→ Exercise
Exact copies of the lines from the line containing "(\<Sum>i\<in>I. (1 / card I) * x" through the last line of the entries below are the whole answer.
(Records to process Opens)
(* Under Assumption M (together with the decomposition of Assumption D), with $S_{l,r}(\beta_0)$ the Rademacher representation of the score, $E[S_{l,r}(\beta_0)\mid\mathcal J]=0$ for each $l$, and the conditional variance satisfies $$\Omega_{l_1l_2}(\beta_0):=E\big[n\,S_{l_1,r}(\beta_0)S_{l_2,r}(\beta_0)\mid\mathcal J\big]=\Omega^L_{l_1l_2}(\beta_0)+\Omega^H_{l_1l_2}(\beta_0),$$ where $\Omega^L=\Omega^{L,z}+\Omega^{L,a}+\Omega^{L,u}$ with $\Omega^{L,z}_{l_1l_2}=\frac1n\bar z_{(l_1)}'\big[(I-D_P)V(I-D_P)+D_PD_V(I-2D_P)+V\odot P\odot P\big]\bar z_{(l_2)}$, $\Omega^{L,a}_{l_1l_2}=\frac1n a_{(l_1)}'(D_P-P\odot P)a_{(l_2)}$, $\Omega^{L,u}_{l_1l_2}=\frac1n\operatorname{tr}\big(D_{\Sigma^U(l_1,l_2)}D_V(I-D_P)\big)$, and $\Omega^H=\Omega^{H,z}+\Omega^{H,a}+\Omega^{H,u}$ with $\Omega^{H,z}_{l_1l_2}=\frac1n\bar z_{(l_1)}'(V\odot W)\bar z_{(l_2)}$, $\Omega^{H,a}_{l_1l_2}=-\frac2n a_{(l_1)}'(D_P-P\odot P)^2a_{(l_2)}$, $\Omega^{H,u}_{l_1l_2}=-\frac2n\operatorname{tr}\big(D_{\Sigma^U(l_1,l_2)}\big[D_VD_P(I-2D_P)+\big((VD_\varepsilon\odot VD_\varepsilon)(P\odot P)\big)\odot I\big]\big)$, where $V\odot W$ is the $n\times n$ matrix with entries, for $i_1\ne i_2$, $[V\odot W]_{i_1i_2}=V_{i_1i_2}\big[(P_{i_1i_1}P_{i_2i_2}+P_{i_1i_2}^2)(3-4P_{i_1i_1}-4P_{i_2i_2})-2P_{i_1i_1}-2P_{i_2i_2}+2(P_{i_1i_1}+P_{i_2i_2})^2\big]$ and diagonal entries $[V\odot W]_{ii}=-2V_{ii}P_{ii}(1-2P_{ii})-2\sum_{j=1}^nV_{ij}^2\varepsilon_j^2P_{ij}^2$.
   Context: Notation: for a vector $v$, $D_v$ is the diagonal matrix with $v$ on its diagonal; for a square matrix $A$, $D_A=A\odot I$ ($\odot$ the Hadamard product); $\iota$ the vector of ones; $D_\varepsilon^2=D_\varepsilon D_\varepsilon$. Linear IV model: $y_i=x_i'\beta_0+\varepsilon_i$, $x_i=\Pi'z_i+\eta_i$, $i=1,\dots,n$, $x_i\in\mathbb R^p$, $z_i\in\mathbb R^k$; $Z$ has rows $z_i'$, $x_{(l)}$ is the $l$th column of the matrix $X$ with rows $x_i'$, $\bar Z=Z\Pi$ with columns $\bar z_{(l)}$, $V=Z(Z'D_\varepsilon^2Z)^{-1}Z'$, $P=D_\varepsilon VD_\varepsilon$, $M=I-P$. The score at $\beta_0$ is $S_l(\beta_0)=-\frac1nx_{(l)}'(I-D_{P\iota})V\varepsilon$. Assumption M: (a) conditional on $Z$, $\{(\varepsilon_i,\eta_i')\}$ are independent, mean zero, with conditional covariance $\Sigma_i=\begin{pmatrix}\sigma_i^2&\sigma_{12i}'\\\sigma_{12i}&\Sigma_{22i}\end{pmatrix}$; (b) eigenvalues of $\Sigma_i$ in $[C^{-1},C]$ a.s.; (c) $E[\varepsilon_i^4\mid Z]\le C$, $E[\|\eta_i\|^4\mid Z]\le C$ a.s.; (d) conditional on $Z$, $\varepsilon\overset d=D_r\varepsilon$ with $r=(r_1,\dots,r_n)'$ independent Rademacher variables independent of everything else. Assumption D: $\eta_i=\varepsilon_ia_i+u_i$, $a_i=\sigma_{12i}/\sigma_i^2$, with $\{u_i\}$ and $\{\varepsilon_i\}$ mutually independent given $Z$. Write $a_{(l)}=(a_{1l},\dots,a_{nl})'$, $\bar x_{(l)}=\bar z_{(l)}+u_{(l)}$ (so $x_{(l)}=\bar x_{(l)}+D_\varepsilon a_{(l)}$), and $D_{\Sigma^U(l_1,l_2)}$ the diagonal matrix with $i$th entry $\operatorname{Cov}(u_{il_1},u_{il_2}\mid Z)$. Rademacher representation: $S_{l,r}(\beta_0)=-\frac1n\bar x_{(l)}'VD_\varepsilon r-\frac1n r'D_{a_{(l)}}Pr+\frac1n r'PD_{a_{(l)}}Pr+\frac1n r'PD_rD_{\bar x_{(l)}}VD_\varepsilon r$, which conditionally on $Z$ has the same distribution as $S_l(\beta_0)$. $\mathcal J=\{\varepsilon_i,z_i\}_{i=1}^n$; conditional expectations given $\mathcal J$ are over $r$ and $\{u_i\}$. *)

theory Defs
  imports "HOL-Probability.Probability"
begin
text \<open>A bimodule map \<open>\<Delta> : A \<rightarrow> A \<otimes> A\<close> is determined by the tensor \<open>\<Delta>(1)\<close>, which is
  central (\<open>b \<Delta>(1) = \<Delta>(1) b\<close>), and conversely every central tensor \<open>T\<close> gives the bimodule
  map \<open>x \<mapsto> x T\<close>.  The Casimir element \<open>\<Sum>\<^sub>i e\<^sub>i \<otimes> e\<^sub>i\<^sup>#\<close> is central by associativity of \<open>B\<close>, and
  every central tensor \<open>\<Sum>\<^sub>k x\<^sub>k \<otimes> y\<^sub>k\<close> equals \<open>\<Sum>\<^sub>i e\<^sub>i \<otimes> c e\<^sub>i\<^sup>#\<close> with \<open>c = \<Sum>\<^sub>k B(1, x\<^sub>k) y\<^sub>k\<close>:
  pairing with \<open>B(e\<^sub>i\<^sup>#, -)\<close> in the first factor and using centrality to move \<open>e\<^sub>i\<^sup>#\<close> across.
  Hence every \<open>\<Delta>\<close> is \<open>\<nu>(c) \<star> \<Delta>\<^sub>0\<close>.\<close>

lemma lin_fun_add: "lin_fun sc f \<Longrightarrow> f (x + y) = f x + f y"
  unfolding lin_fun_def by (simp add: Vector_Spaces.linear_iff)

lemma lin_fun_scale: "lin_fun sc f \<Longrightarrow> f (sc c x) = c * f x"
  unfolding lin_fun_def by (simp add: Vector_Spaces.linear_iff)

lemma lin_fun_sum: "lin_fun sc f \<Longrightarrow> f (sum h I) = (\<Sum>i\<in>I. f (h i))"
  unfolding lin_fun_def by (metis module_hom.sum module_hom_iff_linear)

lemma lin_fun_diff: "lin_fun sc f \<Longrightarrow> f (x - y) = f x - f y"
  unfolding lin_fun_def by (metis module_hom.diff module_hom_iff_linear)

abbreviation tensor_sum :: "('k::field \<Rightarrow> 'a::ring_1 \<Rightarrow> 'a) \<Rightarrow> nat \<Rightarrow> (nat \<Rightarrow> 'a) \<Rightarrow> (nat \<Rightarrow> 'a)
    \<Rightarrow> ('k, 'a) tensor" where
  "tensor_sum sc m x y \<equiv> tsum sc (map (\<lambda>k. (x k, y k)) [0..<m])"

lemma tensor_sum_apply:
  "tensor_sum sc m x y f g =
     (if lin_fun sc f \<and> lin_fun sc g then \<Sum>k<m. f (x k) * g (y k) else 0)"
  unfolding tsum_def tensor_def
  by (auto simp: interv_sum_list_conv_sum_set_nat atLeast0LessThan)

lemma tensor_space_obtain_tensor_sum:
  assumes "T \<in> tensor_space sc"
  obtains m x y where "T = tensor_sum sc m x y"
proof -
  from assms obtain L where "T = tsum sc L"
    unfolding tensor_space_def by auto
  then show thesis
    by (intro that[where m = "length L" and x = "\<lambda>k. fst (L ! k)" and y = "\<lambda>k. snd (L ! k)"])
       (simp add: map_nth)
qed

definition central_tensor :: "('k::field \<Rightarrow> 'a::ring_1 \<Rightarrow> 'a) \<Rightarrow> ('k, 'a) tensor \<Rightarrow> bool" where
  "central_tensor sc T \<longleftrightarrow> (\<forall>b. lmul sc b T = rmul sc T b)"

lemma frob_space_eq_lmul_one:
  assumes "D \<in> frob_space sc"
  shows "D = (\<lambda>x. lmul sc x (D 1))"
proof
  fix x
  have "D (x * 1) = lmul sc x (D 1)"
    using assms unfolding frob_space_def by blast
  then show "D x = lmul sc x (D 1)"
    by simp
qed

lemma frob_space_central_one:
  assumes "D \<in> frob_space sc"
  shows "central_tensor sc (D 1)"
  unfolding central_tensor_def
proof
  fix b
  have "D (b * 1) = lmul sc b (D 1)" "D (1 * b) = rmul sc (D 1) b"
    using assms unfolding frob_space_def by blast+
  then show "lmul sc b (D 1) = rmul sc (D 1) b"
    by simp
qed
definition no_near_empty :: "pstate \<Rightarrow> bool" where
  "no_near_empty S = (\<forall>i < length (bxs S). card (children S i) \<noteq> 1)"

definition piece_area :: "pstate \<Rightarrow> real" where
  "piece_area S = (\<Sum>P \<leftarrow> pcs S. fst P)"

definition occupied_length :: "pstate \<Rightarrow> real" where
  "occupied_length S = Max (set (map (\<lambda>(w, s, x, i). x + w + max 0 s) (pcs S)))"

definition density :: "pstate \<Rightarrow> real" where
  "density S = piece_area S / occupied_length S"

end

(*
  Let B be the number of basic boxes. Basic boxes are placed as far left as possible, so all
  boxes, and hence all pieces, lie in [0, 2B]; the occupied length is at most 2B.

  Give a box of dimension d the weight 2^-d. Without near-empty boxes every box with children
  has at least two, each of half its weight, so the leaves weigh at least as much as the B basic
  boxes. Every leaf holds a piece, so B <= sum_k 2^-d_k, where d_k is the dimension of the box
  of the k-th piece, whose area 2 * 3^-d_k is at most six times the area of the piece. Since
  3^-d = (2^-d)^(log 3), convexity of t |-> t^(log 3) gives
  sum_k 3^-d_k >= n (B/n)^(log 3) >= B n^(1 - log 3), so the pieces have area at least
  B n^(1 - log 3) / 3 and the density is at least n^(1 - log 3) / 6.
*)
theory Submission
  imports Defs
begin

lemma sum_roots_le_sum_leaves:
  fixes par :: "'a \<Rightarrow> 'a option" and f :: "'a \<Rightarrow> 'b::ordered_ab_group_add"
  assumes "finite V"
    and "\<And>j i. j \<in> V \<Longrightarrow> par j = Some i \<Longrightarrow> i \<in> V"
    and "\<And>i. i \<in> V \<Longrightarrow> {j\<in>V. par j = Some i} \<noteq> {} \<Longrightarrow>
      f i \<le> sum f {j\<in>V. par j = Some i}"
  shows "sum f {j\<in>V. par j = None} \<le> sum f {i\<in>V. {j\<in>V. par j = Some i} = {}}"
proof -
  define inner where "inner = {i\<in>V. {j\<in>V. par j = Some i} \<noteq> {}}"
  have split: "sum f V = sum f {j\<in>V. P j} + sum f {j\<in>V. \<not> P j}" for P
    using assms(1) by (subst sum.union_disjoint[symmetric]) (auto intro: sum.cong)
  have "sum f inner \<le> (\<Sum>i\<in>inner. sum f {j\<in>V. par j = Some i})"
    by (rule sum_mono) (simp add: inner_def assms(3))
  also have "\<dots> = (\<Sum>i\<in>inner. sum f {j\<in>{j\<in>V. par j \<noteq> None}. the (par j) = i})"
    by (intro sum.cong) auto
  also have "\<dots> = sum f {j\<in>V. par j \<noteq> None}"
    using assms(1,2) by (intro sum.group) (auto simp: inner_def)
  finally have "sum f inner \<le> sum f {j\<in>V. par j \<noteq> None}" .
  then have "sum f inner + sum f {j\<in>V. par j = None} \<le> sum f V"
    using split[of "\<lambda>j. par j = None"] by (simp add: add.commute add_left_mono)
  also have "\<dots> = sum f inner + sum f {i\<in>V. {j\<in>V. par j = Some i} = {}}"
    using split[of "\<lambda>i. {j\<in>V. par j = Some i} \<noteq> {}"] by (simp add: inner_def)
  finally show ?thesis by simp
qed

lemma powr_mean_le:
  fixes x :: "'a \<Rightarrow> real"
  assumes "finite I" "I \<noteq> {}" "1 \<le> p" "\<And>i. i \<in> I \<Longrightarrow> 0 < x i"
  shows "((\<Sum>i\<in>I. x i) / card I) powr p \<le> (\<Sum>i\<in>I. x i powr p) / card I"
proof -
  have "(\<lambda>t. t powr p) (\<Sum>i\<in>I. (1 / card I) *\<^sub>R x i) \<le>
      (\<Sum>i\<in>I. (1 / card I) * x i powr p)"
    using assms by (intro convex_on_sum[OF _ _ powr_convex]) auto
  then show ?thesis
    by (simp add: sum_divide_distrib[symmetric] sum_distrib_left[symmetric])
qed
(Records to process Closes)
→ Result
      (\<Sum>i\<in>I. (1 / card I) * x i powr p)"
    using assms by (intro convex_on_sum[OF _ _ powr_convex]) auto
  then show ?thesis
    by (simp add: sum_divide_distrib[symmetric] sum_distrib_left[symmetric])
qed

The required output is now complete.